Stored data entries
lemma holomorphic_local_inverse_real_on_real:
  fixes p :: "complex \<Rightarrow> complex"
  assumes hol: "p holomorphic_on W" and "open W" and u0: "of_real u0 \<in> W"
    and symm: "\<And>w. w \<in> W \<Longrightarrow> cnj w \<in> W \<and> p (cnj w) = cnj (p w)"
    and "deriv p (of_real u0) \<noteq> 0"
  obtains Q q \<epsilon> where "open Q" "q holomorphic_on Q" "q ` Q \<subseteq> W" "\<epsilon> > 0"
    "\<And>x. dist (of_real x) (p (of_real u0)) < \<epsilon> \<Longrightarrow>
       of_real x \<in> Q \<and> q (of_real x) \<in> \<real> \<and> p (q (of_real x)) = of_real x"
proof -
  obtain r where r: "r > 0" "ball (of_real u0) r \<subseteq> W" "inj_on p (ball (of_real u0) r)"
    using has_complex_derivative_locally_injective[OF hol u0 \<open>open W\<close>] assms(5) by blast
  define D where "D = ball (of_real u0 :: complex) r"
  have D: "p holomorphic_on D" "open D" "inj_on p D"
    using hol r(2,3) D_def holomorphic_on_subset by auto
  obtain q where q: "q holomorphic_on p ` D" "\<And>w. w \<in> D \<Longrightarrow> q (p w) = w"
    using holomorphic_has_inverse[OF D] by metis
  have "open (p ` D)" using open_mapping_thm3[OF D] .
  moreover have "p (of_real u0) \<in> p ` D" using r(1) D_def by simp
  ultimately obtain \<epsilon> where \<epsilon>: "\<epsilon> > 0" "ball (p (of_real u0)) \<epsilon> \<subseteq> p ` D"
    using open_contains_ball by blast
  \<comment> \<open>\<open>p\<close> commutes with \<open>cnj\<close> and is injective on a ball centred on the real axis, so the
    unique preimage of a real point in that ball is its own conjugate.\<close>
  have real: "q y \<in> \<real>" if "y \<in> \<real>" "y \<in> p ` D" for y
  proof -
    obtain w where w: "w \<in> D" "p w = y" using \<open>y \<in> p ` D\<close> by blast
    have "dist (cnj w) (of_real u0) = dist w (of_real u0)"
      by (metis complex_cnj_complex_of_real complex_cnj_diff complex_mod_cnj dist_norm)
    then have "cnj w \<in> D" using w(1) D_def by (simp add: dist_commute)
    moreover have "p (cnj w) = p w" using symm[of w] w r(2) \<open>y \<in> \<real>\<close> D_def by (auto simp: Reals_cnj_iff)
    ultimately have "cnj w = w" using inj_onD[OF r(3)] w(1) D_def by blast
    then show ?thesis using q(2) w by (metis Reals_cnj_iff)
  qed
  show thesis
  proof (rule that[OF _ q(1)])
    show "open (p ` D)" "\<epsilon> > 0" by fact+
    show "q ` p ` D \<subseteq> W" using q(2) r(2) D_def by auto
    fix x :: real
    assume "dist (of_real x) (p (of_real u0)) < \<epsilon>"
    then have x: "of_real x \<in> p ` D" using \<epsilon>(2) by (auto simp: dist_commute)
    then show "of_real x \<in> p ` D \<and> q (of_real x) \<in> \<real> \<and> p (q (of_real x)) = of_real x"
      using real[of "of_real x"] q(2) by auto
  qed
qed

#### [Required action]
What lines in the data above contain the word "blast"? Show them all.

#### [Exercise solution]
    using has_complex_derivative_locally_injective[OF hol u0 \<open>open W\<close>] assms(5) by blast
    using open_contains_ball by blast
    obtain w where w: "w \<in> D" "p w = y" using \<open>y \<in> p ` D\<close> by blast
    ultimately have "cnj w = w" using inj_onD[OF r(3)] w(1) D_def by blast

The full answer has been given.